▶ _Exercise description_
Copy, from the material below, each line where "intro" shows up.

▶ _Data for processing_
--*--
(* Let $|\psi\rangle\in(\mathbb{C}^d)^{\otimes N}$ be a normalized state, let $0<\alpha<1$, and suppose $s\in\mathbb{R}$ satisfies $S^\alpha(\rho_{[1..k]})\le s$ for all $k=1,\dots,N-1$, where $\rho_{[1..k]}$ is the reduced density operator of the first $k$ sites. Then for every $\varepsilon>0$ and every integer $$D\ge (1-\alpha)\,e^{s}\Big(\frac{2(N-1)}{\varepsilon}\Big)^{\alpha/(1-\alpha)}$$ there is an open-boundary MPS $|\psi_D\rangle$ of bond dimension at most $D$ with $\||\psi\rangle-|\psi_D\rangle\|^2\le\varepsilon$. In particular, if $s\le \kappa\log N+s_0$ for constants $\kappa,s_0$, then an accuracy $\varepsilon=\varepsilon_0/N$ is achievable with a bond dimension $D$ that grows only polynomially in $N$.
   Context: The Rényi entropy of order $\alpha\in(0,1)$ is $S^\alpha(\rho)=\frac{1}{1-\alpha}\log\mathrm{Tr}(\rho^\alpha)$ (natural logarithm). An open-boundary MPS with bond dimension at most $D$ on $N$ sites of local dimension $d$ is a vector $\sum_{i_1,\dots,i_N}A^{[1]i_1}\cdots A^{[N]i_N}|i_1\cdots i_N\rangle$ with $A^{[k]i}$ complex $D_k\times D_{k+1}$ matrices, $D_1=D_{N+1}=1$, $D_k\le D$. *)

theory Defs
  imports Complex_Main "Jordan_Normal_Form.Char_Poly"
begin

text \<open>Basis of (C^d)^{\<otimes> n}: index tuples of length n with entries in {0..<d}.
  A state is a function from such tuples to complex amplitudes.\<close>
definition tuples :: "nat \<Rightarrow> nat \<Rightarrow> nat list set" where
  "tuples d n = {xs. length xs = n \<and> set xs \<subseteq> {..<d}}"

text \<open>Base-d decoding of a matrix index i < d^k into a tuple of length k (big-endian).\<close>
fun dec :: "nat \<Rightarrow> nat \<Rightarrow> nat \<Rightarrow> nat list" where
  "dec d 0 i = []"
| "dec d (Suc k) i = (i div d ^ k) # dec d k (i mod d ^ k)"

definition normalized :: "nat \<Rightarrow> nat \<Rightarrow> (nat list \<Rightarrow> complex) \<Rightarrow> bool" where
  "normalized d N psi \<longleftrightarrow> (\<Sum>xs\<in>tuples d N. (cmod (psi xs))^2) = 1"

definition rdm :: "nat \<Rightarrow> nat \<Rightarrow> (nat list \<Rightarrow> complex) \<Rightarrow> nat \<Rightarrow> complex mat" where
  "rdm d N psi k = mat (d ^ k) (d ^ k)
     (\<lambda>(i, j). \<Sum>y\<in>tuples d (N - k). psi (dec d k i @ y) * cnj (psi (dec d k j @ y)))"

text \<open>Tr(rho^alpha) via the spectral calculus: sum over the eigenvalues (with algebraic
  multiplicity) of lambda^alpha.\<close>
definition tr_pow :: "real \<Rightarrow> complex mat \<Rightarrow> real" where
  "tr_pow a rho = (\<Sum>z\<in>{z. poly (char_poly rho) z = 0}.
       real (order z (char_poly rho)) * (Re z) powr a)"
--*--
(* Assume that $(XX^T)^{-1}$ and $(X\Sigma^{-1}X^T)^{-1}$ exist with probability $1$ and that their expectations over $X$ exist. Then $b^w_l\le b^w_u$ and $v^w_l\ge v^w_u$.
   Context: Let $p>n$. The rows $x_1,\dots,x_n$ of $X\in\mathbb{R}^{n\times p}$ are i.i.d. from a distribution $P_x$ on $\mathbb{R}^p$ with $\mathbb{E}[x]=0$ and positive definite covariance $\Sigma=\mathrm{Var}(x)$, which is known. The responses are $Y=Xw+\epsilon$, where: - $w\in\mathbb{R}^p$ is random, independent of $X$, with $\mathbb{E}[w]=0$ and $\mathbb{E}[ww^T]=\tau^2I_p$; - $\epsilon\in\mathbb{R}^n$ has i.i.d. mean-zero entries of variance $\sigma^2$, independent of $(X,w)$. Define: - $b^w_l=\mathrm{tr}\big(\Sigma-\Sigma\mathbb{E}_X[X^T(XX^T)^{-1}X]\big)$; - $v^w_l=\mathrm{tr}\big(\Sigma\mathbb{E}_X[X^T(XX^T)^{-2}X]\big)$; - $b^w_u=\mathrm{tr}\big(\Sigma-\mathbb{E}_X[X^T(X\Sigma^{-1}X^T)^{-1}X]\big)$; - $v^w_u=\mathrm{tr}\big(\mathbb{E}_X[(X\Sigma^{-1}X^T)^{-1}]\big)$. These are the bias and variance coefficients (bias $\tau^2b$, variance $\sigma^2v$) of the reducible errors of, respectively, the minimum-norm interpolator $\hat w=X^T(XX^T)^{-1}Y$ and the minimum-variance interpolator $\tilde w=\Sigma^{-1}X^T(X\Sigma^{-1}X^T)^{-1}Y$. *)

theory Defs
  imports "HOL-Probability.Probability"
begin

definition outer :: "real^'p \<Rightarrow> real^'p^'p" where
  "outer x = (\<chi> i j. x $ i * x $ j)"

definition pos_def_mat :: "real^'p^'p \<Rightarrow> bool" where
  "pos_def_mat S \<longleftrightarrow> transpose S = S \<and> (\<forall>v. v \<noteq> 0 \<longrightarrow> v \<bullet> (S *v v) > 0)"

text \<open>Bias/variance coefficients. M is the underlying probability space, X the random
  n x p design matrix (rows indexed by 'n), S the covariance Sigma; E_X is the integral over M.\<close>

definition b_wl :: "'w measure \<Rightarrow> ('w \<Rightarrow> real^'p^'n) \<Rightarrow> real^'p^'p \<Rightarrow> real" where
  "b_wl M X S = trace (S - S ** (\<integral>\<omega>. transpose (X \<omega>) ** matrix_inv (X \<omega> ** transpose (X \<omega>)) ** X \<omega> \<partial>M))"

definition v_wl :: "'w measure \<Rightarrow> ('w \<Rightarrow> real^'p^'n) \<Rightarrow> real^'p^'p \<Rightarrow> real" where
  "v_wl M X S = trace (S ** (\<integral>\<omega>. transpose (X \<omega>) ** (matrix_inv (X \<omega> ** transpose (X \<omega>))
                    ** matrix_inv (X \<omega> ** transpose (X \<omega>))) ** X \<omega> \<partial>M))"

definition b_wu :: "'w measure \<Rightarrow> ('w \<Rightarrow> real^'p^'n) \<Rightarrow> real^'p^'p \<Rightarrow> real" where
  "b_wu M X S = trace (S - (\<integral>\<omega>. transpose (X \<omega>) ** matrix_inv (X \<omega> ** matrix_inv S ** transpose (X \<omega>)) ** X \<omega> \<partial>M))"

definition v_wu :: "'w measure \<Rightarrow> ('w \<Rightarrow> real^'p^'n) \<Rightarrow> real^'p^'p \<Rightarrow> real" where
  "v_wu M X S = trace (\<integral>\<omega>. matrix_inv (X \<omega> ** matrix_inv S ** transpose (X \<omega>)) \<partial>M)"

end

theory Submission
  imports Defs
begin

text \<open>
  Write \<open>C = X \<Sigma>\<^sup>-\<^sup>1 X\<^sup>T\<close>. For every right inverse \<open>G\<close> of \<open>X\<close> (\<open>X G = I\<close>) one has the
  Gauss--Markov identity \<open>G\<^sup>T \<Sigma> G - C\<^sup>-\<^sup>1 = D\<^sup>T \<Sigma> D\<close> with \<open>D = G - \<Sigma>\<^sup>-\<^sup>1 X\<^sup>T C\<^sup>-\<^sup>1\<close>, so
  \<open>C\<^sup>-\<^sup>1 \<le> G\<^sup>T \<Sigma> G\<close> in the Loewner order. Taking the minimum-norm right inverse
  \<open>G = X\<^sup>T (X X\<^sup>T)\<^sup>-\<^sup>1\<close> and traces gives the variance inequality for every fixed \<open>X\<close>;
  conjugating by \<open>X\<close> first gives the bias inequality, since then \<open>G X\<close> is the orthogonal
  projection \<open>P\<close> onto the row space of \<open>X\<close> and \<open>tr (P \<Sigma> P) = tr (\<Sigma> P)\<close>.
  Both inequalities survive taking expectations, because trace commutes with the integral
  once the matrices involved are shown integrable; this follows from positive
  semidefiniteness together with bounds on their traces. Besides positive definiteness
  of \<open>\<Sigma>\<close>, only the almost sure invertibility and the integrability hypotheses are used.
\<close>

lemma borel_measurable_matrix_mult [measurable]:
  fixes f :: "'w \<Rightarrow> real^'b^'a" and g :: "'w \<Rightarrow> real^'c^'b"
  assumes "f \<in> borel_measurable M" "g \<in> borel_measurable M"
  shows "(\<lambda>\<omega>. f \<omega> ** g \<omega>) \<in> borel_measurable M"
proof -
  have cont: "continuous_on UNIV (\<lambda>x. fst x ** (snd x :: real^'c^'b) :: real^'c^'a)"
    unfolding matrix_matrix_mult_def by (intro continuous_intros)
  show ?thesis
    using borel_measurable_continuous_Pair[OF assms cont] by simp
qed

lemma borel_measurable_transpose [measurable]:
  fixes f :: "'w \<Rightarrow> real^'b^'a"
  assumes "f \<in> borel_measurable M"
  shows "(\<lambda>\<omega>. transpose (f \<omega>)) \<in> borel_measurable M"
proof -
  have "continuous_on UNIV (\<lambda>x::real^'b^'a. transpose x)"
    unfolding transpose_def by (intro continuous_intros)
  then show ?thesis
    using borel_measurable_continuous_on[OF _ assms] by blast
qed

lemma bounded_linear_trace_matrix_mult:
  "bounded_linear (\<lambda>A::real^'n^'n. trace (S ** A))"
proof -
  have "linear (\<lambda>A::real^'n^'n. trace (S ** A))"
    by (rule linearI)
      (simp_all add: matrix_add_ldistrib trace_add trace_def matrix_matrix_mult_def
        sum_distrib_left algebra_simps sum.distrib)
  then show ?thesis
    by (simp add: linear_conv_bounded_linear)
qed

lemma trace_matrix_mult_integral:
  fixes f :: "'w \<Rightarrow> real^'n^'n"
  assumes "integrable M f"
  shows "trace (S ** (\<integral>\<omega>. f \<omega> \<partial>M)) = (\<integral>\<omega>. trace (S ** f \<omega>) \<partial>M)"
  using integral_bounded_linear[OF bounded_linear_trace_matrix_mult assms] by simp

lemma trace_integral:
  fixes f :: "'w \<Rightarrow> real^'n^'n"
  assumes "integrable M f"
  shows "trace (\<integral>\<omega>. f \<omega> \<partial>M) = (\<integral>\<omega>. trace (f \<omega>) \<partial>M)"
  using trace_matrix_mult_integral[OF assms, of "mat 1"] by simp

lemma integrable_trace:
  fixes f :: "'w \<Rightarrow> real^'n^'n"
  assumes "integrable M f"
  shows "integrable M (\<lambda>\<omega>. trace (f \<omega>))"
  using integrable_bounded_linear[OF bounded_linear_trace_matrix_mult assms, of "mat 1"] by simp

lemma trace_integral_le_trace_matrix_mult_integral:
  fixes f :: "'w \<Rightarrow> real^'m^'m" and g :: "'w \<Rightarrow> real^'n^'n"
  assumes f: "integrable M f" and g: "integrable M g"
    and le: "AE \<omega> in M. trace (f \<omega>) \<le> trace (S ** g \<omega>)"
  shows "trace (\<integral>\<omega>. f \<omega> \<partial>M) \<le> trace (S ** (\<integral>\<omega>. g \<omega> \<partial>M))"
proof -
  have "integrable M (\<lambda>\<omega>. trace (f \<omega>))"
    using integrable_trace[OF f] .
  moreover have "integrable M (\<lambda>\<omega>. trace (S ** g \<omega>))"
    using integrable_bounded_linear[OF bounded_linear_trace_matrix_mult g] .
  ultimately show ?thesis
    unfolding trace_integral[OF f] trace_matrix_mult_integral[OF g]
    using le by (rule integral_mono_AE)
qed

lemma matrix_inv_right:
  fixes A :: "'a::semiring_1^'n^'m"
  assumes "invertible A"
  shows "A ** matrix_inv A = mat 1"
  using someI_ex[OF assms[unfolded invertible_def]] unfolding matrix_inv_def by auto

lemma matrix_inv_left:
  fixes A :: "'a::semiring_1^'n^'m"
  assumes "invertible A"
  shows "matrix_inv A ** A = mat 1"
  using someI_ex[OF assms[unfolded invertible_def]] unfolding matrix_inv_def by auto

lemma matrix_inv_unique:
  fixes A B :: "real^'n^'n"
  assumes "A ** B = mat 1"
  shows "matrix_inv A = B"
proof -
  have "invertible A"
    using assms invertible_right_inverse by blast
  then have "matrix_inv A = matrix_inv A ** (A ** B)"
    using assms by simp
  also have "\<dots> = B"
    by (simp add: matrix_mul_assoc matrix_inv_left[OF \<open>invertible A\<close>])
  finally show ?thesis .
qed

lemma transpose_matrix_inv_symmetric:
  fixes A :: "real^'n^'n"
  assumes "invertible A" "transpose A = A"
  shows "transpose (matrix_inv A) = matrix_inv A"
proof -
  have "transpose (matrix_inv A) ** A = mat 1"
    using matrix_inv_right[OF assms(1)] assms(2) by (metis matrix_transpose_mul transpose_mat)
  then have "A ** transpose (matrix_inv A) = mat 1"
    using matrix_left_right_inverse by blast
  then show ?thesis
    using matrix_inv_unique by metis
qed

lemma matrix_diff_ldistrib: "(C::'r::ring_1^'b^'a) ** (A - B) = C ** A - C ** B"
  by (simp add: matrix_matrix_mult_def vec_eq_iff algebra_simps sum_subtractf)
--*--
▶ _Response to this exercise_
    unfolding matrix_matrix_mult_def by (intro continuous_intros)
    unfolding transpose_def by (intro continuous_intros)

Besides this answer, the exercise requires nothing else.